§ Exercise prompt: Go line by line through the records below. Copy whichever lines contain the string "bool".

§ Task input:
(* Let $B,C$ be finite subsets of $I$. The following are equivalent: (1) there is a nonempty $A\in\mathcal{P}_{\mathrm{fci}}(I)$ with $l(A)=B$ and $r(A)=C$; (2) $B\neq\emptyset$, $\min(B\cup C)\subseteq B$, and one of the following holds: (a) $\max(B\cup C)\subseteq C$ and $\mathrm{ips}(B\cup C,C\setminus B)=B\setminus C$; (b) $\max(B\cup C)\subseteq B\setminus C$ and $\mathrm{ips}(B\cup C,C\setminus B)\cup\max(B\cup C)=B\setminus C$.
   Context: Let $I$ be a dense linear order with left endpoint $0$ and no right endpoint. Let $\mathcal{P}_{\mathrm{fci}}(I)$ be the set of finite unions of closed intervals $[i,j]$, $[i,+\infty)$, $(-\infty,j]$ of $I$. For $A\in\mathcal{P}_{\mathrm{fci}}(I)$, $l(A)$ and $r(A)$ are the sets of left and right endpoints of $A$. Left endpoints are the minima of the maximal closed intervals composing $A$, and right endpoints are the maxima of the bounded ones. For a nonempty finite set $X$, $\min(X)$ and $\max(X)$ are the singletons of its least and greatest element. For finite $X,Y$, $\mathrm{ips}(X,Y)=\{i\in X: s_X(i)\in Y\}$, where $s_X$ is the successor function of $X$ with the induced order. *)

theory Defs
  imports Main
begin

text \<open>The ambient order I is a type of sort {dense_linorder, order_bot, no_top}:
a dense linear order with least element (bot, playing the role of 0) and no
greatest element.\<close>

definition cinterval :: "'a::linorder set \<Rightarrow> bool" where
  "cinterval K \<longleftrightarrow> (\<exists>i j. i \<le> j \<and> K = {i..j}) \<or> (\<exists>i. K = {i..}) \<or> (\<exists>j. K = {..j})"

definition fci :: "'a::linorder set \<Rightarrow> bool" where
  "fci A \<longleftrightarrow> (\<exists>F. finite F \<and> (\<forall>K\<in>F. cinterval K) \<and> A = \<Union>F)"

definition maxci :: "'a::linorder set \<Rightarrow> 'a set \<Rightarrow> bool" where
  "maxci A K \<longleftrightarrow> cinterval K \<and> K \<subseteq> A \<and>
     (\<forall>K'. cinterval K' \<and> K \<subseteq> K' \<and> K' \<subseteq> A \<longrightarrow> K' = K)"

definition lend :: "'a::linorder set \<Rightarrow> 'a set" where
  "lend A = {i. \<exists>K. maxci A K \<and> i \<in> K \<and> (\<forall>x\<in>K. i \<le> x)}"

§ Solution below:
definition cinterval :: "'a::linorder set \<Rightarrow> bool" where
definition fci :: "'a::linorder set \<Rightarrow> bool" where
definition maxci :: "'a::linorder set \<Rightarrow> 'a set \<Rightarrow> bool" where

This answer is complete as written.